It has been suggested that a way to demonstrate that the rate of aging has been changed is to examine age-specific mortality rates, which increase exponentially with increasing chronological age in humans and in most species studied (Sacher, 1978). I demonstrated that mortality rates in the wild-type worm increased exponentially with a doubling time of about 2.8 days. Importantly the mortality rate continued to increase exponentially with increasing age and the rate of mortality was changed in both the long-lived RI strains and in the age-1 mutant (Johnson, 1987; 1990) but there was no change in the initial mortality rate, suggesting that the “rate of aging” has been altered in these mutants. We developed strategies for a fine-scale analysis of daily mortality rate (Johnson et al., 2001). We found that mortality rates were best fit by a two-stage Gompertz model. Mortality in all strains leveled off late in life. Most startling was the finding that mortality was segmentally affected. That is, different Age mutants showed lower mortality at various ages but not at all. The largest genetic effect on mortality was that of an age-1 mutation, which lowered mortality more than fivefold at most later ages. In contrast, a spe-26 mutant had a tenfold lower mortality until approximately 2 weeks of age but ultimately achieved a higher mortality, whereas clk-1 mutants showed slightly higher mortality than wild type during the fertile period, early in life, but ultimately leveled off at lower mortality.

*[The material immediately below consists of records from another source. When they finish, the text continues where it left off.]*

(* Let $d\ge1$, $N\ge2$, let $a:\mathbb{Z}^d\to\mathbb{R}$ define a symmetric, spatially homogeneous, irreducible random walk satisfying condition (F) or condition (HT), let $x_1,\dots,x_N\in\mathbb{Z}^d$ be distinct, and let $\mathscr{H}_\beta=\mathscr{A}+\beta\sum_{i=1}^N\delta_{x_i}\delta_{x_i}^T$ with $\beta>\beta_c$. Let $\lambda_0(\beta)$ be the largest positive eigenvalue of $\mathscr{H}_\beta$. Then every other positive eigenvalue of $\mathscr{H}_\beta$ (i.e. each of $\lambda_1(\beta),\dots,\lambda_{N-1}(\beta)$) has multiplicity at most $N-1$.
   Context: $a$ satisfies $a(0)<0$, $a(z)\ge0$ for $z\ne0$, $a(z)=a(-z)$, $\sum_z a(z)=0$, and irreducibility (every $z\in\mathbb{Z}^d$ is a finite sum of vectors $z_i$ with $a(z_i)\ne0$). $(\mathscr{A}u)(x)=\sum_{x'}a(x-x')u(x')$ on $l^2(\mathbb{Z}^d)$; $\delta_x$ is the indicator vector of $x$. Condition (F): $\sum_z|z|^2a(z)<\infty$. Condition (HT): $a(z)\sim H(z/|z|)|z|^{-(d+\alpha)}$ as $|z|\to\infty$ for some $\alpha\in(0,2)$ and some continuous positive symmetric function $H$ on $\mathbb{S}^{d-1}$. $\beta_c$ is the minimal value of $\beta$ such that the spectrum of $\mathscr{H}_\beta$ contains positive eigenvalues for all $\beta>\beta_c$ sufficiently close to $\beta_c$. The positive eigenvalues of $\mathscr{H}_\beta$ listed with multiplicity are denoted $\lambda_0(\beta)>\lambda_1(\beta)\ge\dots\ge\lambda_{N-1}(\beta)>0$. *)

theory Defs
  imports "HOL-Analysis.Analysis"
begin

text \<open>Lattice points of Z^d are modelled as int ^ 'd (d = CARD('d) >= 1);
  real embedding used for Euclidean norms.\<close>

definition realv :: "int ^ 'd \<Rightarrow> real ^ 'd" where
  "realv z = (\<chi> i. real_of_int (z $ i))"

definition is_rw_kernel :: "(int ^ 'd \<Rightarrow> real) \<Rightarrow> bool" where
  "is_rw_kernel a \<longleftrightarrow>
     a 0 < 0 \<and> (\<forall>z. z \<noteq> 0 \<longrightarrow> a z \<ge> 0) \<and> (\<forall>z. a z = a (- z)) \<and>
     (a has_sum 0) UNIV \<and>
     (\<forall>z. \<exists>zs. (\<forall>w\<in>set zs. a w \<noteq> 0) \<and> z = sum_list zs)"

definition cond_F :: "(int ^ 'd \<Rightarrow> real) \<Rightarrow> bool" where
  "cond_F a \<longleftrightarrow> (\<lambda>z. (norm (realv z))^2 * a z) summable_on UNIV"

definition cond_HT :: "(int ^ 'd \<Rightarrow> real) \<Rightarrow> bool" where
  "cond_HT a \<longleftrightarrow> (\<exists>(\<alpha>::real) (H :: real ^ 'd \<Rightarrow> real).
     0 < \<alpha> \<and> \<alpha> < 2 \<and> continuous_on (sphere 0 1) H \<and>
     (\<forall>w\<in>sphere 0 1. H w > 0 \<and> H (- w) = H w) \<and>
     (\<forall>\<epsilon>>0. \<exists>R. \<forall>z. norm (realv z) > R \<longrightarrow>
        \<bar>a z / (H (realv z /\<^sub>R norm (realv z)) *
                 norm (realv z) powr (- (real CARD('d) + \<alpha>))) - 1\<bar> < \<epsilon>))"

definition l2 :: "(int ^ 'd \<Rightarrow> real) \<Rightarrow> bool" where
  "l2 u \<longleftrightarrow> (\<lambda>x. (u x)^2) summable_on UNIV"
(* In the construction below, for every directed path $\langle(u_0,0),(u_1,1),\dots,(u_K,K)\rangle$ in $\mathcal D$ from the root to level $K$, $$\sum_{k=0}^{K-1}\log\big(1/\theta_{(u_k,k)(u_{k+1},k+1)}\big)\le 3\log n.$$ In particular $\Delta_I(\hat{\mathcal D})\le3\log n$.
   Context: Construction. Let $(X,d)$ be a metric space with $n=|X|\ge2$ and $\mathrm{diam}(X)=1$. For $S\subseteq X$, $r\ge0$: $B_X(S,r):=\{x\in X:\exists s\in S,\ d(x,s)\le r\}$ and $B_X(x,r):=B_X(\{x\},r)$. Let $\varepsilon_0:=\min\{d(x,y):x\ne y\}$, $\tau:=12$, $K:=1+\lceil\log_\tau(1/\varepsilon_0)\rceil$. For $\eta>0$ the greedy $\eta$-net is built as: $N_0=\emptyset$; for $j\ge1$, $S_j:=X\setminus B_X(N_{j-1},\eta)$; if $S_j=\emptyset$ output $N_{j-1}$; else pick $x_j\in S_j$ maximizing $|B_X(x,\eta/3)|$ and set $N_j=N_{j-1}\cup\{x_j\}$. For $k=0,\dots,K$ let $U_k$ be the greedy $\tau^{-k}$-net (so $U_0$ is a single point and $U_K=X$). For $k<K$, $A_k$ is the set of pairs $(u,u')\in U_k\times U_{k+1}$ with (i) $d(u,u')\le4\tau^{-k}$ and (ii) $|B_X(u,\tau^{-k}/3)|\ge\max\{|B_X(w,\tau^{-k}/3)|:w\in B_X(u',6\tau^{-(k+1)})\}$. The directed graph $\mathcal D$ has vertex set $\{(u,k):u\in U_k,\ 0\le k\le K\}$, arcs $((u,k),(u',k+1))$ for $(u,u')\in A_k$, root $(u,0)$ with $U_0=\{u\}$, and the vertices $(x,K)$ are identified with $x\in X$. Arc weights: $\omega_{(u,k)(u',k+1)}:=10\tau^{-k}$ and $\theta_{(u,k)(u',k+1)}:=|B_X(u',\tau^{-(k+1)}/3)|\big/\sum_{w:(u,w)\in A_k}|B_X(w,\tau^{-(k+1)}/3)|$. $\hat{\mathcal D}=(\mathcal D,\omega,\theta)$; $\Delta_I(\hat{\mathcal D})$ is the maximum over root-to-level-$K$ paths $\gamma$ of $\log(1/\prod_{a\in\gamma}\theta_a)$. *)

theory Defs
  imports Complex_Main
begin

definition metric_on :: "'a set \<Rightarrow> ('a \<Rightarrow> 'a \<Rightarrow> real) \<Rightarrow> bool" where
  "metric_on X d \<longleftrightarrow>
     (\<forall>x\<in>X. d x x = 0) \<and>
     (\<forall>x\<in>X. \<forall>y\<in>X. x \<noteq> y \<longrightarrow> d x y > 0) \<and>
     (\<forall>x\<in>X. \<forall>y\<in>X. d x y = d y x) \<and>
     (\<forall>x\<in>X. \<forall>y\<in>X. \<forall>z\<in>X. d x z \<le> d x y + d y z)"

definition diam :: "'a set \<Rightarrow> ('a \<Rightarrow> 'a \<Rightarrow> real) \<Rightarrow> real" where
  "diam X d = Max {d x y | x y. x \<in> X \<and> y \<in> X}"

We were able to initiate studies in RI strains in which we identified and mapped QTLs for longevity, fertility and temperature sensitivity as well as mortality (Shook et al., 1988). There was insufficient power to map mortality.

2.5. Movement as a biomarker of aging

Movement decreases with increasing life span, which led us to determine if movement rate serves to predict subsequent differential longevity of individual worms or strains of worms. Using both recombinant inbreds (Johnson, 1987; Brooks et al., 1994; Vaupel et al., 1994) and mutant strains (Duhon and Johnson; Brooks and Johnson, 1991), we found that quantitative measures of movement are very noisy and we were not able to predict life span in individual worms. However, using RI populations of worms with different genotypes and life expectancies, we were able to predict subsequent longevity using the rate of decline of movement (Johnson, 1987).

3. Changes in Gene Expression with Age

3.1. Background

A nagging question in aging research has been whether aging is simply an extension of development. Although many have made the assumption that there is no difference between what goes on in development and what goes on in aging, there are major differences arising from the basic fact that aging is not selected for. In a lack of selective value the post-reproductive, aged organism enters an unknown state with regard to alterations in gene expression (Johnson, 1986). Throughout the studies described in this section, we were asking about changes in gene expression during the senescent phase of life and how it might vary from the changes seen during development.

3.2. Lack of 5-methyl cytosine

To quote our original paper (Simpson et al., 1984):

“The association between cytosine methylation and altered eukaryotic gene expression or X-chromosome inactivation is well documented. The association between cellular or organismic senescence (and cytosine methylation is less clear. Levels of 5-methylcytosine as high as 14 mole percent have been reported in DNA isolated from senescent populations of the nematodes C. elegans but not in DNA isolated from the first larval stage of life (Klass et al., 1983). A generalized hypermethylation of cytosine residues could result in decreased transcription and thereby explain the large decreases in rates of protein biosynthesis reported in senescing populations of C. elegans (Johnson and McCaffrey, 1985) and Turbatrix aceti (Sharma et al., 1979). We report here a detailed analysis of purified DNA from several strains of C. elegans both during development and at several times in later life. These studies involved high performance liquid chromatographic (HPLC) analysis of total organismic DNA, as well as analysis by restriction endonuclease digestion. … We detected no 5-methylcytosine at any time during the life-span of this nematode species.”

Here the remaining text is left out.